Pampus echinogaster belongs to Stromateidae, Perciformes, and is widely distributed in the northwestern Pacific Ocean, including the waters of Russia, Japan, the Korean Peninsula, China's Bohai Sea, the Yellow Sea, the East China Sea, and the northern South China Sea [9–13]. The complex paleogeographic dynamics of the northwestern Pacific Ocean may affect the formation of different geographical populations of marine organisms, including P. echinogaster, through events such as geographical isolation caused by glaciers and postglacial recolonization, while the hydrological conditions and environmental specificity of different habitats may further cause habitat-based adaptive differentiation of different geographical populations of marine organisms [14].

P. echinogaster is a seasonal migratory fish species. Its inner spawning cycle of the gonad development cycle is short (about 15 days) during somewhat long reproductive periods [11], and it can produce buoyant eggs with a pelagic larval period of at least one month [15]. Thus, it can spread over long distances. The complex oceanic current system in the northwestern Pacific Ocean results in a mix of recruited populations and overwintering populations of juvenile P. echinogaster, and these factors may eventually shape the genetic homogeneity between different geographical populations of this species [16]. In summary, the complex life history characteristics of this species have made it difficult to study its population differentiation. In recent years, factors such as climate change (especially ocean warming) and overfishing have led to a decline in the supply of P. echinogaster and a trend of decreasing age [16]. In this context, it is necessary to evaluate the population differentiation of P. echinogaster in order to achieve the rational management of this resource.

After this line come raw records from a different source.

(* Consider the free pre-Lie algebra with one generator, realized as $(\mathcal{T},\to)$. A monomial basis of $(\mathcal{T},\to)$ is tree-grounded if and only if there is a section $S$ of the forget-planarity projection $\pi:\mathcal{T}^{pl}\to\mathcal{T}$ such that the basis consists exactly of the monomials $m_{S(t)}$, $t\in T$, where for a planar rooted tree $\sigma$, $m_\sigma$ denotes the unique monomial whose evaluation in $(\mathcal{T}^{pl},\circ\!\!\searrow)$ equals $\sigma$; in that case the basis vectors (evaluations in $(\mathcal{T},\to)$) are the elements $\widetilde{\Psi}_S(t)=\pi\circ\Psi\circ S(t)$, $t\in T$.
   Context: $\mathcal{T}$ is the vector space spanned by the set $T$ of non-planar rooted trees, $\mathcal{T}^{pl}$ the space spanned by planar rooted trees, $\pi$ the linear forget-planarity projection; a section of $\pi$ is a linear map $S:\mathcal{T}\to\mathcal{T}^{pl}$ sending each tree $t$ to a planar tree with $\pi(S(t))=t$. The grafting $s\to t=\sum_{v\in V(t)}s\to_v t$ (graft the root of $s$ by a new edge onto vertex $v$ of $t$) makes $\mathcal{T}$ the free pre-Lie algebra on the one-vertex tree $\bullet$. The Butcher product on non-planar trees is $s\circ\!\!\rightarrow B_+(t_1\cdots t_k)=B_+(s\,t_1\cdots t_k)$, where $B_+$ attaches the roots of the given trees to a new root; on planar trees the left Butcher product $\sigma\circ\!\!\searrow B_+(\tau_1\cdots\tau_k)=B_+(\sigma\tau_1\cdots\tau_k)$ inserts $\sigma$ as leftmost branch, and $(\mathcal{T}^{pl},\circ\!\!\searrow)$ is the free magmatic algebra on $\bullet$. The left grafting on planar trees is $\sigma\searrow\tau=\sum_{v\in V(\tau)}\sigma\searrow_v\tau$ (graft $\sigma$ at $v$ as the leftmost branch), and $\Psi:\mathcal{T}^{pl}\to\mathcal{T}^{pl}$ is the linear map with $\Psi(\bullet)=\bullet$, $\Psi(\sigma_1\circ\!\!\searrow\sigma_2)=\Psi(\sigma_1)\searrow\Psi(\sigma_2)$. A monomial $m$ is a parenthesized word built from the letter $\bullet$ and one binary operation; $m(\bullet,\to)$, $m(\bullet,\circ\!\!\rightarrow)$, $m(\bullet,\circ\!\!\searrow)$ denote its evaluations using grafting, Butcher product, left Butcher product respectively. A monomial basis is a set of monomials whose evaluations $m(\bullet,\to)$ form a basis of $\mathcal{T}$. It is tree-grounded if the trees $m(\bullet,\circ\!\!\rightarrow)$ (its "lower-energy terms"), for $m$ in the set, are exactly the rooted trees of $T$, each obtained once. *)

theory Defs
  imports Main HOL.Modules "HOL-Library.Multiset" "HOL-Library.Function_Algebras"
begin

datatype tree = Node "tree multiset"

datatype ptree = PNode "ptree list"

text \<open>Monomials: parenthesized words in the letter bullet and one binary operation.\<close>
datatype mon = Dot | Op mon mon

abbreviation bullet :: tree where "bullet \<equiv> Node {#}"
abbreviation pbullet :: ptree where "pbullet \<equiv> PNode []"

primrec pi :: "ptree \<Rightarrow> tree" where
  "pi (PNode cs) = Node (mset (map pi cs))"

section \<open>Vectors: finitely supported coefficient functions\<close>

definition supp :: "('a \<Rightarrow> 'k::zero) \<Rightarrow> 'a set" where
  "supp u = {x. u x \<noteq> 0}"

definition bas :: "'a \<Rightarrow> 'a \<Rightarrow> 'k::{zero,one}" where
  "bas t = (\<lambda>z. if z = t then 1 else 0)"

definition vec_of_mset :: "'a multiset \<Rightarrow> 'a \<Rightarrow> 'k::semiring_1" where
  "vec_of_mset M = (\<lambda>z. of_nat (count M z))"

definition lin :: "('a \<Rightarrow> 'b \<Rightarrow> 'k::comm_ring_1) \<Rightarrow> ('a \<Rightarrow> 'k) \<Rightarrow> 'b \<Rightarrow> 'k" where
  "lin f u = (\<lambda>z. \<Sum>x\<in>supp u. u x * f x z)"

definition bilin :: "('a \<Rightarrow> 'b \<Rightarrow> 'c \<Rightarrow> 'k::comm_ring_1) \<Rightarrow> ('a \<Rightarrow> 'k) \<Rightarrow> ('b \<Rightarrow> 'k) \<Rightarrow> 'c \<Rightarrow> 'k" where
  "bilin f u v = (\<lambda>z. \<Sum>x\<in>supp u. \<Sum>y\<in>supp v. u x * v y * f x y z)"

definition scl :: "'k::field \<Rightarrow> ('a \<Rightarrow> 'k) \<Rightarrow> 'a \<Rightarrow> 'k" where
  "scl c u = (\<lambda>x. c * u x)"

lemma size_mem_tree: "c \<in># ts \<Longrightarrow> size c < Suc (size_multiset size ts)"
proof -
  assume "c \<in># ts"
  then obtain M where "ts = add_mset c M" by (blast dest: multi_member_split)
  then show ?thesis by simp
qed

text \<open>Grafting: the multiset of all trees \<open>s \<rightarrow>\<^sub>v t\<close>, v ranging over the vertices of t.\<close>
function graft :: "tree \<Rightarrow> tree \<Rightarrow> tree multiset" where
  "graft s (Node ts) =
     add_mset (Node (add_mset s ts))
       (\<Sum>\<^sub># (image_mset (\<lambda>c. image_mset (\<lambda>r. Node (add_mset r (ts - {#c#}))) (graft s c)) ts))"
  by pat_completeness auto
termination
  by (relation "measure (\<lambda>(s, t). size t)") (auto simp: size_mem_tree)

fun butcher :: "tree \<Rightarrow> tree \<Rightarrow> tree" where
  "butcher s (Node ts) = Node (add_mset s ts)"

fun lbutcher :: "ptree \<Rightarrow> ptree \<Rightarrow> ptree" where
  "lbutcher \<sigma> (PNode cs) = PNode (\<sigma> # cs)"

lemma size_mem_ptree: "c \<in> set cs \<Longrightarrow> size c < Suc (size_list size cs)"
  by (induct cs) auto

text \<open>Left grafting on planar trees: the multiset of all \<open>\<sigma> \<searrow>\<^sub>v \<tau>\<close>
  (graft \<open>\<sigma>\<close> at vertex v of \<open>\<tau>\<close> as leftmost branch).\<close>
function lgraft :: "ptree \<Rightarrow> ptree \<Rightarrow> ptree multiset" where
  "lgraft \<sigma> (PNode cs) =
     add_mset (PNode (\<sigma> # cs))
       (\<Sum>\<^sub># (mset (map (\<lambda>(i, c). image_mset (\<lambda>r. PNode (cs[i := r])) (lgraft \<sigma> c))
                       (zip [0..<length cs] cs))))"
  by pat_completeness auto
termination
  by (relation "measure (\<lambda>(s, t). size t)") (auto simp: size_mem_ptree dest: set_zip_rightD)

definition graftV :: "(tree \<Rightarrow> 'k::field) \<Rightarrow> (tree \<Rightarrow> 'k) \<Rightarrow> tree \<Rightarrow> 'k" where
  "graftV = bilin (\<lambda>s t. vec_of_mset (graft s t))"

definition lgraftV :: "(ptree \<Rightarrow> 'k::field) \<Rightarrow> (ptree \<Rightarrow> 'k) \<Rightarrow> ptree \<Rightarrow> 'k" where
  "lgraftV = bilin (\<lambda>s t. vec_of_mset (lgraft s t))"

definition piV :: "(ptree \<Rightarrow> 'k::field) \<Rightarrow> tree \<Rightarrow> 'k" where
  "piV = lin (\<lambda>\<sigma>. bas (pi \<sigma>))"

primrec ev_graft :: "mon \<Rightarrow> tree \<Rightarrow> 'k::field" where
  "ev_graft Dot = bas bullet"
| "ev_graft (Op a b) = graftV (ev_graft a) (ev_graft b)"

primrec ev_butcher :: "mon \<Rightarrow> tree" where
  "ev_butcher Dot = bullet"
| "ev_butcher (Op a b) = butcher (ev_butcher a) (ev_butcher b)"

primrec ev_lbutcher :: "mon \<Rightarrow> ptree" where
  "ev_lbutcher Dot = pbullet"
| "ev_lbutcher (Op a b) = lbutcher (ev_lbutcher a) (ev_lbutcher b)"

definition mon_of :: "ptree \<Rightarrow> mon" where
  "mon_of \<sigma> = (THE m. ev_lbutcher m = \<sigma>)"

text \<open>\<open>\<Psi>(\<bullet>) = \<bullet>\<close>, \<open>\<Psi>(\<sigma>\<^sub>1 \<circ>\<searrow> \<sigma>\<^sub>2) = \<Psi>(\<sigma>\<^sub>1) \<searrow> \<Psi>(\<sigma>\<^sub>2)\<close>; note
  \<open>PNode (c # cs) = c \<circ>\<searrow> PNode cs\<close>.\<close>
fun Psi :: "ptree \<Rightarrow> ptree \<Rightarrow> 'k::field" where
  "Psi (PNode []) = bas pbullet"
| "Psi (PNode (c # cs)) = lgraftV (Psi c) (Psi (PNode cs))"

text \<open>A set of monomials whose evaluations in (T, grafting) form a basis of the space of
  finitely supported coefficient functions on T (the family is indexed by B, hence injective).\<close>
definition monomial_basis :: "'k::field itself \<Rightarrow> mon set \<Rightarrow> bool" where
  "monomial_basis _ B \<longleftrightarrow>
     inj_on (ev_graft :: mon \<Rightarrow> tree \<Rightarrow> 'k) B
     \<and> \<not> module.dependent (scl :: 'k \<Rightarrow> _) ((ev_graft :: mon \<Rightarrow> tree \<Rightarrow> 'k) ` B)
     \<and> module.span (scl :: 'k \<Rightarrow> _) ((ev_graft :: mon \<Rightarrow> tree \<Rightarrow> 'k) ` B)
         = {u :: tree \<Rightarrow> 'k. finite (supp u)}"

text \<open>Tree-grounded: the lower-energy terms are exactly the trees of T, each obtained once.\<close>
definition tree_grounded :: "mon set \<Rightarrow> bool" where
  "tree_grounded B \<longleftrightarrow> bij_betw ev_butcher B (UNIV :: tree set)"

definition is_section :: "(tree \<Rightarrow> ptree) \<Rightarrow> bool" where
  "is_section S \<longleftrightarrow> (\<forall>t. pi (S t) = t)"

end

theory Submission
  imports Defs
begin

text \<open>The left Butcher product makes planar trees the free magma on \<open>\<bullet>\<close>, so
  \<open>m \<mapsto> m(\<bullet>, \<circ>\<searrow>)\<close> identifies monomials with planar trees, and \<open>m(\<bullet>, \<circ>\<rightarrow>)\<close> is the
  image of that planar tree under \<open>\<pi>\<close>. Hence the lower-energy terms of a set of monomials
  enumerate \<open>T\<close> exactly once iff its planar trees are the values of a section of \<open>\<pi>\<close>.
  Forgetting planarity turns \<open>\<sigma> \<searrow>\<^sub>v \<tau>\<close> into \<open>\<pi> \<sigma> \<rightarrow>\<^sub>v \<pi> \<tau>\<close>, so \<open>\<pi>\<close> intertwines left
  grafting with grafting, and by induction on \<open>m\<close> we get \<open>m(\<bullet>, \<rightarrow>) = \<pi>(\<Psi>(m(\<bullet>, \<circ>\<searrow>)))\<close>.\<close>

lemma supp_bas [simp]: "supp (bas a :: _ \<Rightarrow> 'k::zero_neq_one) = {a}"
  by (auto simp: supp_def bas_def)

lemma lin_eq_sum_superset:
  assumes "finite A" "supp u \<subseteq> A"
  shows "lin f u z = (\<Sum>x\<in>A. u x * f x z)"
  unfolding lin_def using assms by (auto intro!: sum.mono_neutral_left simp: supp_def)

lemma bilin_eq_sum_superset:
  assumes "finite A" "supp u \<subseteq> A" "finite C" "supp v \<subseteq> C"
  shows "bilin f u v z = (\<Sum>x\<in>A. \<Sum>y\<in>C. u x * v y * f x y z)"
  unfolding bilin_def using assms
  by (intro sum.mono_neutral_cong_left) (auto intro!: sum.mono_neutral_left simp: supp_def)

lemma lin_bas_bas: "lin (\<lambda>x. bas (f x)) (bas a :: _ \<Rightarrow> 'k::comm_ring_1) = bas (f a)"
  by (simp add: lin_def fun_eq_iff) (simp add: bas_def)

lemma supp_lin_bas: "supp (lin (\<lambda>x. bas (f x)) u :: _ \<Rightarrow> 'k::comm_ring_1) \<subseteq> f ` supp u"
  by (force simp: supp_def lin_def bas_def intro: sum.neutral)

In previous studies, researchers mainly divided P. echinogaster into the Yellow Sea population, Bohai Sea population, and East China Sea population based on their seasonal migratory characteristics [17] found the same population structure of P. echinogaster based on microsatellite molecular markers. However, based on mitochondrial control region sequences and six pairs of microsatellite loci, the results of our previous study were different from the population division of traditional fisheries; that is, we found that the seven P. echinogaster populations in the waters of the Yellow Sea, the Bohai Sea, and the East China Sea may belong to one free-mating group, and there was no significant genetic differentiation between the populations [16]. These discrepant research results could be explained by the lack of methods for genome-wide genotyping. In addition, since they have been limited to neutral markers, few studies have analyzed the habitat adaptation mechanisms of P. echinogaster populations. However, it is undeniable that environmental factors such as temperature, salinity, and pathogens vary greatly across the widely distributed range of P. echinogaster, which must have led to adaptive habitat differentiation between different geographical populations [18, 19].

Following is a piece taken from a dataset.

(* Let $\mathfrak g$ be of type $A_2$, $\lambda,\mu\in P^+$, and let $\mathbf s\in\mathbb Z_+^3$ with $\mathbf s\notin\mathcal S^{A}_{\lambda,\mu}$. Then there exist finitely many $\mathbf s'\in\mathbb Z_+^3$ with $\mathbf s'\prec\mathbf s$ and elements $c_{\mathbf s'}\in\mathbf U(\mathfrak n^-\otimes1)$ such that in $\mathcal F_{\lambda,\mu}$ $$\Big(X_{\mathbf s}+\sum_{\mathbf s'\prec\mathbf s}c_{\mathbf s'}X_{\mathbf s'}\Big)v=0.$$
   Context: $\mathfrak g$ is the simple Lie algebra of type $A_2$ with Cartan subalgebra $\mathfrak h$, simple roots $\alpha_1,\alpha_2$, coroots $h_1,h_2$, positive roots $R^+$ written $(r_1,r_2)$ for $r_1\alpha_1+r_2\alpha_2$ (namely $(1,0),(0,1),(1,1)$), coroots $h_\alpha$, Chevalley basis $\{x^\pm_\alpha,h_i\}$, $\mathfrak n^\pm=\mathrm{span}\{x^\pm_\alpha\}$, dominant weights $P^+$; $m_i=\lambda(h_i)$, $n_i=\mu(h_i)$; $x^{(s)}=x^s/s!$. $\mathcal F_{\lambda,\mu}$ is the cyclic $\mathbf U(\mathfrak g\otimes\mathbb C[t])$-module generated by $v\ne0$ with relations $(\mathfrak n^+\otimes\mathbb C[t])v=0$; $(h\otimes t^r)v=\delta_{r,0}(\lambda+\mu)(h)v$ ($h\in\mathfrak h$); and for $\alpha\in R^+$: $(x^-_\alpha\otimes1)^{(\lambda+\mu)(h_\alpha)+1}v=0$, $(x^-_\alpha\otimes t)^{\min\{\lambda(h_\alpha),\mu(h_\alpha)\}+1}v=0$, $(x^-_\alpha\otimes t^r)v=0$ for $r\ge2$. $X_{(a,b,c)}=(x^-_{(1,0)}\otimes t)^{(a)}(x^-_{(1,1)}\otimes t)^{(b)}(x^-_{(0,1)}\otimes t)^{(c)}$. $\mathcal S^{A}_{\lambda,\mu}=\{(a,b,c)\in\mathbb Z_+^3: a\le\min\{m_1,n_1\},\ c\le\min\{m_2,n_2\},\ a+b+c\le\min\{m_1+m_2,n_1+n_2\},\ 2a+b\le m_1+n_1,\ 2c+b\le m_2+n_2\}$. Total order on $\mathbb Z_+^3$: $(a,b,c)\succ(a',b',c')$ iff $c<c'$, or $c=c'$ and $a<a'$, or $c=c'$, $a=a'$ and $b<b'$. *)

theory Defs
  imports "HOL-Analysis.Analysis"
begin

In this context, genome sequencing by high-throughput sequencing technologies can increase the number of genetic markers, including both neutral and adaptive markers, to help achieve the fine assessment of population-genetic parameters in different P. echinogaster populations and to clarify the genetic mechanisms of its habitat adaptation. For specific-locus amplified fragment sequencing (SLAF-seq), the length of an effective read is 2 × 100 bp, and more than 100,000 tags can be developed at one time, so genome-wide scans of genetic markers can be completed for almost any species, contributing to a better understanding of the genetic structure of the species and its population-genomic characteristics under habitat selection [20].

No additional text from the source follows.